A Six-Year-Old Law Finally Gets a Front Door
Egypt's Personal Data Protection Law, Law No. 151 of 2020, sat mostly dormant for five years while the Ministry of Communications and Information Technology worked out how the Personal Data Protection Center (PDPC) it created would actually operate. That changed with Executive Regulation Decree 816/2025, which took effect November 1, 2025 and started a 12-month grace period. In mid-June 2026, the PDPC's electronic portal — the system through which every controller and processor in Egypt must now request a license — went live. Businesses have until October 31, 2026, with the law fully enforceable from November 1, before non-compliance exposes them to fines reaching EGP 5 million (about $100,000) per violation, according to a Clyde & Co regulatory briefing.

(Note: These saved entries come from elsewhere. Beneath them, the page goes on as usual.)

(* Let $\Omega\subset \mathbb R^{n+m}$ be open and convex, with $\Omega_x$ connected for all $x$. Let $f:\Omega\to \mathbb R$ and suppose there are $\kappa\ge 0$ and $\sigma>0$ such that $(x,y)\mapsto f(x,y) + \frac{\kappa}{2} \|x\|^2-\sigma \|y\|^2$ is convex on $\Omega$, and $\operatorname{argmin}_f(x)$ is non-empty for all $x\in \pi(\Omega)$. Then: (i) the function $g(x):=\inf_{y\in\Omega_x} f(x,y)$, $x\in\pi(\Omega)$, is $\kappa$-semiconvex, and $\operatorname{argmin}_f(x)$ is a single point $\gamma(x)$ for all $x\in\pi(\Omega)$, so that $g(x)=f(x,\gamma(x))$; (ii) given any $x_0\in \pi(\Omega)$ and $u_0\in \nabla_{x_0}^{\kappa} g$ there exists a Lipschitz function $\phi:V\to \mathbb R^m$ defined on a neighbourhood $V$ of $(x_0,u_0)$ in $\mathbb R^{2n}$ such that $\gamma(x) = \phi(x,u)$ for all $(x,u)\in V$ with $u\in \nabla^\kappa_{x} g$; (iii) $\gamma$ is calm almost everywhere: for almost all $x_0\in \pi(\Omega)$ there are $C$ and $\delta>0$ such that $\|\gamma(x) - \gamma(x_0)\| \le C \| x-x_0\|$ whenever $\|x-x_0\|<\delta$.
   Context: $\pi:\mathbb R^{n+m}\to\mathbb R^n$ is the projection and $\Omega_x=\{y\in\mathbb R^m:(x,y)\in\Omega\}$. For $f:\Omega\to\mathbb R$, $\operatorname{argmin}_f(x)=\{\gamma\in\Omega_x: \inf_{y\in\Omega_x}f(x,y)=f(x,\gamma)\}$ (possibly empty). A function $g$ is $\kappa$-semiconvex if $g(x)+\frac\kappa2\|x\|^2$ is convex. For $g$ defined near $x_0$ and $\kappa\in\mathbb R$, $\nabla^\kappa_{x_0}g=\{u\in\mathbb R^n: g(x)-g(x_0)\ge u\cdot(x-x_0)-\frac\kappa2\|x-x_0\|^2 \text{ for all } x \text{ sufficiently near } x_0\}$. *)

theory Defs
  imports "HOL-Analysis.Analysis"
begin

text \<open>Fibre of \<Omega> over x: \<Omega>_x = {y. (x,y) \<in> \<Omega>}.  \<R>^(n+m) is modelled as 'n \<times> 'm.\<close>
definition fibre :: "('n \<times> 'm) set \<Rightarrow> 'n \<Rightarrow> 'm set" where
  "fibre \<Omega> x = {y. (x, y) \<in> \<Omega>}"

definition argmin_set :: "('n \<times> 'm \<Rightarrow> real) \<Rightarrow> ('n \<times> 'm) set \<Rightarrow> 'n \<Rightarrow> 'm set" where
  "argmin_set f \<Omega> x = {\<gamma> \<in> fibre \<Omega> x. \<forall>y \<in> fibre \<Omega> x. f (x, \<gamma>) \<le> f (x, y)}"

definition semiconvex_on :: "real \<Rightarrow> 'a::real_normed_vector set \<Rightarrow> ('a \<Rightarrow> real) \<Rightarrow> bool" where
  "semiconvex_on \<kappa> S g \<longleftrightarrow> convex_on S (\<lambda>x. g x + \<kappa> / 2 * (norm x)\<^sup>2)"

definition semi_subdiff :: "real \<Rightarrow> ('a::real_inner \<Rightarrow> real) \<Rightarrow> 'a \<Rightarrow> 'a set" where
  "semi_subdiff \<kappa> g x0 = {u. \<exists>e>0. \<forall>x. dist x x0 < e \<longrightarrow>
      g x - g x0 \<ge> inner u (x - x0) - \<kappa> / 2 * (norm (x - x0))\<^sup>2}"

end

theory Submission
  imports Defs
begin

(* Let F(x, y) = f(x, y) + kappa/2 |x|^2, which is convex and sigma-strongly convex in y, and let
   G = g + kappa/2 |.|^2 be its minimum over y.  Minimising over y preserves convexity, and the
   strong convexity survives as a defect: if y_i minimises F(x_i, .), then
     sigma/4 |y1 - y2|^2 <= (G x1 + G x2)/2 - G((x1 + x2)/2).
   For x1 = x2 this makes the minimiser gamma(x) unique.  Bounding the right-hand side by
   <p1 - p2, x1 - x2>/4 for subgradients p_i = u_i + kappa x_i of G makes gamma Lipschitz in
   (x, u) on the graph of the semi-subdifferential (then extend by McShane).  Bounding it by half
   the second difference G(x2 + h) + G(x2 - h) - 2 G(x2), h = x1 - x2, reduces calmness to an upper
   bound C |h|^2 on the second difference, which a convex function has almost everywhere: in one
   variable by a Vitali covering argument, in general along coordinate lines (Fubini) and then in
   all directions, since h |-> G(x + h) + G(x - h) - 2 G(x) is itself convex. *)

section \<open>Second differences\<close>

definition second_difference :: "('a::real_vector \<Rightarrow> real) \<Rightarrow> 'a \<Rightarrow> 'a \<Rightarrow> real" where
  "second_difference f x h = f (x + h) + f (x - h) - 2 * f x"

definition second_difference_bounded_at :: "('a::real_normed_vector \<Rightarrow> real) \<Rightarrow> 'a \<Rightarrow> bool" where
  "second_difference_bounded_at f x \<longleftrightarrow>
     (\<exists>C \<delta>. \<delta> > 0 \<and> (\<forall>h. norm h < \<delta> \<longrightarrow> second_difference f x h \<le> C * (norm h)\<^sup>2))"

lemma second_difference_zero [simp]: "second_difference f x 0 = 0"
  by (simp add: second_difference_def)

lemma second_difference_uminus: "second_difference f x (- h) = second_difference f x h"
  by (simp add: second_difference_def)

lemma second_difference_along:
  "second_difference (\<lambda>s. f (x + s *\<^sub>R b)) t h = second_difference f (x + t *\<^sub>R b) (h *\<^sub>R b)"
  by (simp add: second_difference_def algebra_simps)

lemma second_difference_bounded_at_along_iff:
  fixes f :: "'a::real_vector \<Rightarrow> real"
  shows "second_difference_bounded_at (\<lambda>s. f (x + s *\<^sub>R b)) t \<longleftrightarrow>
   second_difference_bounded_at (\<lambda>s. f ((x + t *\<^sub>R b) + s *\<^sub>R b)) 0"
  by (simp add: second_difference_bounded_at_def second_difference_along)

lemma not_second_difference_bounded_atD:
  fixes \<phi> :: "real \<Rightarrow> real"
  assumes "\<not> second_difference_bounded_at \<phi> t" and "\<delta> > 0"
  obtains s where "0 < s" "s < \<delta>" "C * s\<^sup>2 < second_difference \<phi> t s"
proof -
  from assms obtain h where h: "\<bar>h\<bar> < \<delta>" "C * h\<^sup>2 < second_difference \<phi> t h"
    unfolding second_difference_bounded_at_def by (auto simp: not_le)
  then have "h \<noteq> 0" by (auto simp: second_difference_def)
  have "second_difference \<phi> t \<bar>h\<bar> = second_difference \<phi> t h"
    by (cases "h \<ge> 0") (auto simp: second_difference_uminus)
  with h \<open>h \<noteq> 0\<close> show ?thesis by (intro that[of "\<bar>h\<bar>"]) auto
qed

section \<open>Convex functions of one variable\<close>

lemma convex_on_slope_mono:
  fixes f :: "real \<Rightarrow> real"
  assumes f: "convex_on I f" and "a \<in> I" "d \<in> I"
    and "a < b" "c < d" "a \<le> c" "b \<le> d"
  shows "(f b - f a) / (b - a) \<le> (f d - f c) / (d - c)"
proof -
  have slope_swap: "(p - q) / (r - s) = (q - p) / (s - r)" for p q r s :: real
    by (metis minus_diff_eq minus_divide_divide)
  have "(f b - f a) / (b - a) \<le> (f d - f a) / (d - a)"
  proof (cases "b = d")
    case False
    with assms have "b < d" by auto
    from convex_on_slope_le(1)[OF f \<open>a \<in> I\<close> \<open>d \<in> I\<close> \<open>a < b\<close> this] show ?thesis
      by (simp add: slope_swap)
  qed simp
  also have "\<dots> \<le> (f d - f c) / (d - c)"
  proof (cases "a = c")
    case False
    with assms have "a < c" by auto
    from convex_on_slope_le(2)[OF f \<open>a \<in> I\<close> \<open>d \<in> I\<close> this \<open>c < d\<close>] show ?thesis
      by (simp add: slope_swap)
  qed simp
  finally show ?thesis .
qed

lemma disjnt_balls_real_le:
  fixes a b r s :: real
  assumes "disjnt (ball a r) (ball b s)" "a \<le> b" "r > 0" "s > 0"
  shows "a + r \<le> b - s"
proof (rule ccontr)
  assume "\<not> a + r \<le> b - s"
  moreover have "a \<noteq> b"
    using assms(1,3,4) by (metis centre_in_ball disjnt_iff)
  ultimately have "(max a (b - s) + min (a + r) b) / 2 \<in> ball a r \<inter> ball b s"
    using assms by (auto simp: dist_real_def max_def min_def field_simps)
  with assms(1) show False by (auto simp: disjnt_def)
qed

lemma sum_chained_differences_le:
  fixes R L :: "'a \<Rightarrow> real" and key :: "'a \<Rightarrow> 'b::linorder"
  assumes "finite F" "F \<noteq> {}" and lower: "\<And>i. i \<in> F \<Longrightarrow> m \<le> L i"
    and chain: "\<And>i j. i \<in> F \<Longrightarrow> j \<in> F \<Longrightarrow> key i \<le> key j \<Longrightarrow> i \<noteq> j \<Longrightarrow> R i \<le> L j"
  shows "\<exists>z\<in>F. (\<Sum>i\<in>F. R i - L i) \<le> R z - m"
proof -
  have "S \<subseteq> F \<Longrightarrow> S \<noteq> {} \<Longrightarrow> \<exists>z\<in>S. (\<Sum>i\<in>S. R i - L i) \<le> R z - m" if "finite S" for S
    using that
  proof (induction S rule: finite_ranking_induct[where f = key])
    case (insert x S)
    consider "S = {}" | "x \<in> S" | "S \<noteq> {}" "x \<notin> S" by blast
    then show ?case
    proof cases
      case 1
      with insert.prems lower show ?thesis by auto
    next
      case 2
      with insert show ?thesis by (simp add: insert_absorb)
    next
      case 3
      with insert obtain z where z: "z \<in> S" "(\<Sum>i\<in>S. R i - L i) \<le> R z - m" by auto
      have "R z \<le> L x" using insert z 3 by (intro chain) auto
      with z 3 insert(1) show ?thesis by (intro bexI[of _ x]) auto
    qed
  qed simp
  with assms(1,2) show ?thesis by blast
qed

text \<open>\<open>second_difference \<phi> t s / s\<close> is the jump between the secant slopes of \<open>\<phi>\<close> on \<open>[t - s, t]\<close> and
  \<open>[t, t + s]\<close>; over disjoint intervals these jumps telescope.\<close>
lemma convex_on_sum_slope_jumps_le:
  fixes \<phi> :: "real \<Rightarrow> real" and F :: "(real \<times> real) set"
  assumes cvx: "convex_on {c - \<eta>..d + \<eta>} \<phi>" and "\<eta> > 0" "c \<le> d" and "finite F"
    and F: "\<And>i. i \<in> F \<Longrightarrow> fst i \<in> {c..d} \<and> 0 < snd i \<and> snd i \<le> \<eta>"
    and disj: "pairwise (\<lambda>i j. disjnt (ball (fst i) (snd i)) (ball (fst j) (snd j))) F"
  shows "(\<Sum>i\<in>F. second_difference \<phi> (fst i) (snd i) / snd i)
     \<le> (\<phi> (d + \<eta>) - \<phi> d) / \<eta> - (\<phi> c - \<phi> (c - \<eta>)) / \<eta>"
proof -
  define R where "R i = (\<phi> (fst i + snd i) - \<phi> (fst i)) / snd i" for i
  define L where "L i = (\<phi> (fst i) - \<phi> (fst i - snd i)) / snd i" for i
  define M where "M = (\<phi> (d + \<eta>) - \<phi> d) / \<eta>"
  define m where "m = (\<phi> c - \<phi> (c - \<eta>)) / \<eta>"
  have slope_mono: "(\<phi> b' - \<phi> a) / (b' - a) \<le> (\<phi> d' - \<phi> c') / (d' - c')"
    if "c - \<eta> \<le> a" "d' \<le> d + \<eta>" "a < b'" "c' < d'" "a \<le> c'" "b' \<le> d'" for a b' c' d'
    using that by (intro convex_on_slope_mono[OF cvx]) auto
  have R_le_M: "R i \<le> M" if "i \<in> F" for i
  proof -
    have "(\<phi> (fst i + snd i) - \<phi> (fst i)) / ((fst i + snd i) - fst i) \<le> (\<phi> (d + \<eta>) - \<phi> d) / ((d + \<eta>) - d)"
      using F[OF that] \<open>\<eta> > 0\<close> by (intro slope_mono) auto
    then show ?thesis by (simp add: R_def M_def)
  qed
  have m_le_L: "m \<le> L i" if "i \<in> F" for i
  proof -
    have "(\<phi> c - \<phi> (c - \<eta>)) / (c - (c - \<eta>)) \<le> (\<phi> (fst i) - \<phi> (fst i - snd i)) / (fst i - (fst i - snd i))"
      using F[OF that] \<open>\<eta> > 0\<close> by (intro slope_mono) auto
    then show ?thesis by (simp add: L_def m_def)
  qed
  have R_le_L: "R i \<le> L j" if "i \<in> F" "j \<in> F" "fst i \<le> fst j" "i \<noteq> j" for i j
  proof -
    have "disjnt (ball (fst i) (snd i)) (ball (fst j) (snd j))"
      using disj that unfolding pairwise_def by blast
    then have "fst i + snd i \<le> fst j - snd j"
      using disjnt_balls_real_le F that by blast
    then have "(\<phi> (fst i + snd i) - \<phi> (fst i)) / ((fst i + snd i) - fst i)
        \<le> (\<phi> (fst j) - \<phi> (fst j - snd j)) / (fst j - (fst j - snd j))"
      using F[OF that(1)] F[OF that(2)] by (intro slope_mono) auto
    then show ?thesis by (simp add: R_def L_def)
  qed
  have "(\<phi> c - \<phi> (c - \<eta>)) / (c - (c - \<eta>)) \<le> (\<phi> (d + \<eta>) - \<phi> d) / ((d + \<eta>) - d)"
    using \<open>\<eta> > 0\<close> \<open>c \<le> d\<close> by (intro slope_mono) auto
  then have m_le_M: "m \<le> M" by (simp add: m_def M_def)
  have "(\<Sum>i\<in>F. second_difference \<phi> (fst i) (snd i) / snd i) = (\<Sum>i\<in>F. R i - L i)"
  proof (rule sum.cong)
    fix i
    have "R i - L i = ((\<phi> (fst i + snd i) - \<phi> (fst i)) - (\<phi> (fst i) - \<phi> (fst i - snd i))) / snd i"
      unfolding R_def L_def by (rule diff_divide_distrib[symmetric])
    also have "\<dots> = second_difference \<phi> (fst i) (snd i) / snd i"
      by (simp add: second_difference_def)
    finally show "second_difference \<phi> (fst i) (snd i) / snd i = R i - L i" ..
  qed simp
  also have "\<dots> \<le> M - m"
  proof (cases "F = {}")
    case False
    have "\<exists>z\<in>F. (\<Sum>i\<in>F. R i - L i) \<le> R z - m"
      by (rule sum_chained_differences_le[where key = fst])
        (use \<open>finite F\<close> False m_le_L R_le_L in auto)
    then obtain z where "z \<in> F" "(\<Sum>i\<in>F. R i - L i) \<le> R z - m" ..
    with R_le_M[of z] show ?thesis by linarith
  qed (use m_le_M in simp)
  finally show ?thesis by (simp add: M_def m_def)
qed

The portal isn't a single gate. Egyptian legal press has catalogued seven distinct license and permit categories the PDPC now issues — general processing, direct electronic marketing, associations handling member data, cross-border transfer, consultancy accreditation, and, notably, two categories aimed squarely at the riskiest data: sensitive personal data (which the law defines to include biometric data) and visual surveillance systems in public places, per Youm7's April 2026 breakdown of the license schedule.
The Case for Prior Authorization
There's a real argument for this design. Biometric identifiers are the one category of personal data a person cannot reset after a breach — you can cancel a credit card, but not a fingerprint. A licensing gate that forces a company to justify, in advance, why it needs to collect faces or fingerprints — and to appoint a Data Protection Officer and commit to the PDPL's 72-hour breach-notification rule before it's allowed to start — is a defensible, if blunt, instrument. The EU's GDPR reaches similar ground through mandatory Data Protection Impact Assessments for high-risk processing rather than upfront licensing, but the underlying judgment — that biometric and mass-surveillance processing deserves friction other data processing doesn't — is one most privacy frameworks share, including ours.
The Gap: A License With No Ceiling
Where Egypt's regime departs from that model is in what the license actually requires once granted. A Baker McKenzie analysis of the Executive Regulations found that explicit data-minimization language — "no more data may be collected than is necessary" — appears only in the section governing children's data. General retention limits for the sensitive-data and visual-surveillance license categories aren't specified in the published regulations. A separate legal briefing notes the PDPL's duties "mirror the GDPR broadly," including a minimization principle in the abstract, but stops short of attaching concrete retention periods to it, per dsn group's compliance guide. In practice, that means a company can obtain a PDPC license to run facial-recognition CCTV in a shopping mall or process fingerprint templates for a fintech app without the license itself specifying how long that footage or those templates can be kept.
A licensing gate without a retention ceiling doesn't function as a privacy regime — it functions as a permission slip. It answers "who may collect this" while leaving "how long may they keep it" entirely to the discretion of the licensee, which is precisely the wrong data category to leave open-ended.
The State's Own Biometric Buildout Sits Alongside It
The timing sharpens the stakes. Egypt is simultaneously scaling Haweya, the Central Bank of Egypt-backed digital identity wallet that combines facial and fingerprint biometrics with digital signatures for remote account-opening (eKYC), now integrated across 37 banks including state-owned Banque Misr, according to Biometric Update. Every source we reviewed on the PDPC's licensing framework describes it in terms of private "controllers and processors" — the commercial entities that must now queue up at the new portal. None of the public guidance we found addresses how, or whether, the same license-and-retention obligations bind government-run biometric identity infrastructure at the scale Haweya represents. That's a legitimate open question, not a settled exemption — but it's one the PDPC has not yet answered publicly, and it matters more, not less, as the country's largest biometric enrollment drive is a state-directed one.
What Proportionate Regulation Would Look Like
A risk-tiered license for biometric processing and public surveillance is the right instinct — better than either an outright ban on facial recognition or a total absence of oversight. But a license is only as good as its conditions. The PDPC should use its remaining months before the November 1 deadline to attach explicit retention ceilings to the sensitive-data and visual-surveillance categories, and to state clearly, on the record, whether Haweya and comparable national ID programs fall inside or outside the licensing perimeter. Otherwise Egypt will have built real bureaucratic friction for private firms while leaving its fastest-growing biometric collector to answer to no license at all.